A Novel Randomized Trial Protocol for Evaluating Wound Healing Interventions

INTRODUCTION

The management of venous leg ulcers (VLU) in the United States alone costs >$14 billion annually, ¹ and represents a significant burden worldwide, both financially and socially. ²

A systematic review ³ considered the effectiveness of a long list of interventions currently indicated for healing VLU, including: compression bandages and stockings, topical negative pressure, oral pentoxifylline, laser treatment, skin grafting, superficial vein surgery (perforator ligation, saphenous vein stripping), therapeutic ultrasound, leg ulcer clinics, leg elevation, and activity advice. Of these, only compression and pentoxifylline had statistically significant evidence to support their use.
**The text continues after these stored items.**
text \<open>A filter is phi :: alpha => kappa => c => value.\<close>
definition Phi :: "(real \<Rightarrow> real \<Rightarrow> real \<Rightarrow> real) \<Rightarrow> real \<Rightarrow> ('i \<Rightarrow> real) \<Rightarrow> ('i \<Rightarrow> real) \<Rightarrow> ('i \<Rightarrow> real)" where
  "Phi \<phi> \<alpha> \<kappa> c = (\<lambda>i. \<phi> \<alpha> (\<kappa> i) (c i))"

definition dom_MPhi :: "(real \<Rightarrow> real \<Rightarrow> real \<Rightarrow> real) \<Rightarrow> real \<Rightarrow> ('i \<Rightarrow> real) \<Rightarrow> ('i \<Rightarrow> real) set" where
  "dom_MPhi \<phi> \<alpha> \<kappa> = {z \<in> l2. Phi \<phi> \<alpha> \<kappa> z \<in> dom_Mk_plus \<kappa>}"

definition nonlin_reg_filter :: "(real \<Rightarrow> real \<Rightarrow> real \<Rightarrow> real) \<Rightarrow> bool" where
  "nonlin_reg_filter \<phi> \<longleftrightarrow> (\<forall>\<alpha>>0. \<forall>k>0.
      mono (\<phi> \<alpha> k) \<and>
      (\<forall>x y. \<bar>\<phi> \<alpha> k x - \<phi> \<alpha> k y\<bar> \<le> \<bar>x - y\<bar>) \<and>
      \<phi> \<alpha> k 0 = 0) \<and>
    (\<forall>k>0. \<forall>c. ((\<lambda>\<alpha>. \<phi> \<alpha> k c) \<longlongrightarrow> c) (at_right 0))"

text \<open>Assumption A. In (A2), min of the preimage is read as the infimum in the extended
  reals (Inf of the empty set = +infinity).\<close>
definition assumptionA :: "(real \<Rightarrow> real \<Rightarrow> real \<Rightarrow> real) \<Rightarrow> bool" where
  "assumptionA \<phi> \<longleftrightarrow>
    (\<forall>k>0. \<forall>y. \<forall>\<alpha>>0. \<forall>\<beta>>0.
        {(w - y) / \<alpha> | w. \<phi> \<alpha> k w = y} = {(w - y) / \<beta> | w. \<phi> \<beta> k w = y}) \<and>
    (\<exists>\<alpha>t>0. \<exists>b>0. \<exists>c>0. \<forall>k>0. \<forall>x.
        ereal \<bar>x\<bar> \<le> (INF w\<in>{w. \<phi> \<alpha>t k w = c * k}. ereal w) \<longrightarrow>
        \<bar>\<phi> \<alpha>t k x\<bar> \<le> k\<^sup>2 / (k\<^sup>2 + \<alpha>t * b) * \<bar>x\<bar>)"

definition proper_fun :: "(real \<Rightarrow> ereal) \<Rightarrow> bool" where
  "proper_fun f \<longleftrightarrow> (\<forall>x. f x > -\<infinity>) \<and> (\<exists>x. f x < \<infinity>)"

definition convex_fun :: "(real \<Rightarrow> ereal) \<Rightarrow> bool" where
  "convex_fun f \<longleftrightarrow> (\<forall>x y t. 0 \<le> t \<and> t \<le> 1 \<longrightarrow>
      f (t * x + (1 - t) * y) \<le> ereal t * f x + ereal (1 - t) * f y)"

definition lsc_fun :: "(real \<Rightarrow> ereal) \<Rightarrow> bool" where
  "lsc_fun f \<longleftrightarrow> (\<forall>x X. X \<longlonglongrightarrow> x \<longrightarrow> f x \<le> liminf (\<lambda>n. f (X n)))"

definition prox :: "(real \<Rightarrow> ereal) \<Rightarrow> real \<Rightarrow> real" where
  "prox f x = (THE y. \<forall>u. ereal ((x - y)\<^sup>2 / 2) + f y \<le> ereal ((x - u)\<^sup>2 / 2) + f u)"

definition Rfun :: "('i \<Rightarrow> real \<Rightarrow> ereal) \<Rightarrow> ('i \<Rightarrow> real) \<Rightarrow> ('i \<Rightarrow> real) \<Rightarrow> ereal" where
  "Rfun s \<kappa> x = (\<Sum>\<^sub>\<infinity>i. s i (\<kappa> i * x i))"

end

theory Submission
  imports Defs
begin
The design of studies to evaluate wound healing interventions tends to follow the standard of evidence conventionally set by regulatory bodies and payors: a randomized controlled trial (RCT) consisting of intercohort comparison, with complete healing as the primary outcome. ⁴ However, this trial design may not be the most appropriate for wound healing studies in the real world ⁵ and may in part explain the scarcity of quality evidence. The great heterogeneity of ulcers (and their healing trajectories) makes it difficult to match control and intervention groups and necessitates many months of follow-up. ⁶ Even if the intervention being evaluated has a very substantial effect, a very lengthy trial with a prohibitively large number (beyond the resources of the investigator to achieve) of stratified subjects would be required to observe that effect with any validity or statistical significance. Furthermore, it has been reported that the rate and frequency of ulcer healing is grossly overestimated in the literature ⁷ causing many studies to be further under-powered and under-resourced at the outset.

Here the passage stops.